Lo scioglimento del contratto di convivenza alla luce della legge 20 maggio 2016 n. 76 (legge Cirinnà).  Brevi note
Lo scioglimento del contratto di convivenza alla luce della legge 20 maggio 2016 n. 76 (legge Cirinnà). Brevi note

Sommario:

1. Il contratto di convivenza. In genere

2. Scioglimento del contratto di convivenza. Casi. Effetti

3. Accordo delle parti conviventi

4. Recesso unilaterale

5. Matrimonio o unione civile fra conviventi o fra un convivente ed altra persona

6. Morte del convivente

 

1. In contratto di convivenza. In genere

Il contratto di convivenza consente alle coppie conviventi non sposate (sia etero che omo) di regolare i rapporti patrimoniali relativi alla vita in comune. Il contratto in questione non va considerato atto costitutivo della convivenza, bensì disciplina gli aspetti economici della stessa.

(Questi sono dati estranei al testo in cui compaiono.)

lemma nijenhuis_identity_signed_iff:
  assumes ml: "multilinear scale n br" and n: "1 \<le> n" and len: "length xs = n"
    and R: "R \<subseteq> {0..<n}"
    and signs: "\<And>k. k < n \<Longrightarrow> P (xs ! k) = (if k \<in> R then - xs ! k else xs ! k)"
  shows "br (map P xs) = P (bracketN br P (n - 1) xs) \<longleftrightarrow>
    (R = {} \<longrightarrow> br xs \<in> plus_space) \<and> (R = {0..<n} \<longrightarrow> br xs \<in> minus_space)"
proof -
  let ?u = "plus_part (br xs)" and ?w = "minus_part (br xs)"
  let ?a = "alt_sign_sum_upto n R n :: 'k" and ?b = "sign_sum_upto n R n :: 'k"
  have defect: "br (map P xs) - P (bracketN br P (n - 1) xs) = scale ?a ?u + scale ?b ?w"
    using plus_part_in_plus_space minus_part_in_minus_space
    by (intro nijenhuis_defect_signed[OF linear ml n len R signs]) (simp_all add: plus_part_add_minus_part)
  have "br (map P xs) = P (bracketN br P (n - 1) xs) \<longleftrightarrow>
      br (map P xs) - P (bracketN br P (n - 1) xs) = 0" by simp
  also have "\<dots> \<longleftrightarrow> scale ?a ?u + scale ?b ?w = 0" unfolding defect ..
  also have "\<dots> \<longleftrightarrow> scale ?a ?u = 0 \<and> scale ?b ?w = 0"
    using plus_part_in_plus_space minus_part_in_minus_space
    by (intro plus_add_minus_eq_0_iff) (simp_all add: scale)
  also have "\<dots> \<longleftrightarrow> (?a = 0 \<or> br xs \<in> minus_space) \<and> (?b = 0 \<or> br xs \<in> plus_space)"
    by (simp add: plus_part_eq_0_iff minus_part_eq_0_iff)
  finally show ?thesis
    using alt_sign_sum_upto_top[OF R, where 'a = 'k] sign_sum_upto_top[OF R, where 'a = 'k] by auto
qed
(* For every integer $k\ge 0$ let $\sigma^{-1}_{2^k}:\{1,\dots,2^k\}\to\{1,\dots,2^k\}$ be defined recursively by $\sigma^{-1}_{2^0}(1)=1$ and, for $k\ge 1$ and $1\le n\le 2^{k-1}$, $$\sigma^{-1}_{2^k}(2n-1)=\sigma^{-1}_{2^{k-1}}(n),\qquad \sigma^{-1}_{2^k}(2n)=2^k+1-\sigma^{-1}_{2^{k-1}}(n).$$ Then for every $k\ge 0$, $\sigma^{-1}_{2^k}$ is a permutation of $\{1,\dots,2^k\}$ and it is the inverse permutation of $\sigma_{2^k}$, i.e. $\sigma^{-1}_{2^k}(\sigma_{2^k}(n))=n$ for all $n\in\{1,\dots,2^k\}$.
   Context: Let $f:I\subset\mathbb{R}\to I$ be a unimodal map depending on a parameter, with a maximum at its critical point $C$, undergoing a period-doubling cascade. For the superstable $2^k$-periodic orbit $\{C,f(C),\dots,f^{2^k-1}(C)\}$ of the cascade, label its points in descending order of the real line as $C^*_{(1,2^k)}>C^*_{(2,2^k)}>\dots>C^*_{(2^k,2^k)}$, and let $\sigma_{2^k}(i)\in\{1,\dots,2^k\}$ be the number of iterations with $f^{\sigma_{2^k}(i)}(C)=C^*_{(i,2^k)}$. The permutation $\sigma_{2^k}=(\sigma_{2^k}(1),\dots,\sigma_{2^k}(2^k))$ of $\{1,\dots,2^k\}$ is (by earlier work) characterized purely combinatorially by $\sigma_{2^0}(1)=1$ and, for $k\ge 0$ and $n=1,\dots,2^k$, $$\sigma_{2^{k+1}}(n)=2\sigma_{2^k}(n)-1,\qquad \sigma_{2^{k+1}}(2^k+n)=2\sigma_{2^k}(2^k-n+1).$$ This recurrence may be taken as the definition of $\sigma_{2^k}$. *)

theory Defs
  imports Main "HOL-Library.FuncSet"
begin

text \<open>sigma k n is sigma_{2^k}(n) for n in {1..2^k}; value 0 outside that range (irrelevant).\<close>
fun sigma :: "nat \<Rightarrow> nat \<Rightarrow> nat" where
  "sigma 0 n = (if n = 1 then 1 else 0)"
| "sigma (Suc k) n =
     (if 1 \<le> n \<and> n \<le> 2^k then 2 * sigma k n - 1
      else if 2^k < n \<and> n \<le> 2^(Suc k) then 2 * sigma k (2^(Suc k) - n + 1)
      else 0)"

text \<open>sigma_inv k m is the recursively defined sigma^{-1}_{2^k}(m) for m in {1..2^k};
  odd m = 2n-1 gives n = (m+1) div 2, even m = 2n gives n = m div 2.\<close>
fun sigma_inv :: "nat \<Rightarrow> nat \<Rightarrow> nat" where
  "sigma_inv 0 m = (if m = 1 then 1 else 0)"
| "sigma_inv (Suc k) m =
     (if 1 \<le> m \<and> m \<le> 2^(Suc k) then
        (if odd m then sigma_inv k ((m + 1) div 2)
         else 2^(Suc k) + 1 - sigma_inv k (m div 2))
      else 0)"

end

theory Submission
  imports Defs
begin

text \<open>By induction on k, sigma maps {1..2^k} into itself and sigma_inv undoes it: the
  recursions for sigma and sigma_inv mirror each other, odd values 2s-1 of sigma coming from
  the lower half and even values 2s from the reflected upper half. A left inverse of an
  endomap of a finite set is a bijection of that set, which gives the rest.\<close>

lemma bij_betw_left_inverse_of_endomap:
  assumes "finite A" and g_into: "g ` A \<subseteq> A" and left_inv: "\<And>x. x \<in> A \<Longrightarrow> f (g x) = x"
  shows "bij_betw f A A"
proof -
  have "inj_on g A"
    by (metis inj_onI left_inv)
  then have "g ` A = A"
    using \<open>finite A\<close> g_into by (simp add: endo_inj_surj)
  then have "f ` A = f ` g ` A"
    by simp
  also have "\<dots> = (\<lambda>x. f (g x)) ` A"
    by (rule image_image)
  also have "\<dots> = A"
    using left_inv by simp
  finally have "f ` A = A" .
  then show ?thesis
    using \<open>finite A\<close> by (simp add: bij_betw_def finite_surj_inj)
qed

lemma sigma_in_range_and_sigma_inv_sigma:
  "n \<in> {1..2^k} \<Longrightarrow> sigma k n \<in> {1..2^k} \<and> sigma_inv k (sigma k n) = n"
proof (induction k arbitrary: n)
  case 0
  then show ?case by simp
next
  case (Suc k)
  show ?case
  proof (cases "n \<le> 2^k")
    case True
    then obtain s where s: "sigma k n = s" "s \<in> {1..2^k}" "sigma_inv k s = n"
      using Suc by auto
    have "sigma (Suc k) n = 2 * s - 1"
      using True Suc.prems s by simp
    moreover have "odd (2 * s - 1)" and "(2 * s - 1 + 1) div 2 = s"
      using s by auto
    ultimately show ?thesis
      using s by auto
  next
    case False
    define m where "m = 2^Suc k - n + 1"
    have "m \<in> {1..2^k}"
      using False Suc.prems unfolding m_def by auto
    then obtain s where s: "sigma k m = s" "s \<in> {1..2^k}" "sigma_inv k s = m"
      using Suc.IH by blast
    have "sigma (Suc k) n = 2 * s"
      using False Suc.prems s by (simp add: m_def)
    moreover have "sigma_inv (Suc k) (2 * s) = 2^Suc k + 1 - m"
      using s by auto
    moreover have "2^Suc k + 1 - m = n"
      using False Suc.prems unfolding m_def by auto
    ultimately show ?thesis
      using s by auto
  qed
qed

theorem proposition1:
  fixes k :: nat
  shows "bij_betw (sigma_inv k) {1..2^k} {1..2^k}
         \<and> (\<forall>n \<in> {1..2^k}. sigma_inv k (sigma k n) = n)"
  using bij_betw_left_inverse_of_endomap[of "{1..2^k}" "sigma k" "sigma_inv k"]
    sigma_in_range_and_sigma_inv_sigma
  by blast

end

In precedenza applicato nella prassi notarile come contratto atipico, ha trovato di recente una regolamentazione nella legge 20 maggio 2016 n. 76 ( composta da un solo articolo, con 69 commi), ai commi 50 e seguenti.

Il contratto (così anche le modifiche dello stesso e la sua risoluzione) vanno redatti in forma scritta, a pena di nullità, tramite atto pubblico o scrittura privata autenticata da un notaio o da un avvocato, che ne attestano la conformità alle norme imperative e all’ordine pubblico.

 L’atto deve essere poi trasmesso dal professionista, entro dieci giorni, al registro anagrafico del comune di residenza dei sottoscrittori, condizione per renderlo opponibile ai terzi.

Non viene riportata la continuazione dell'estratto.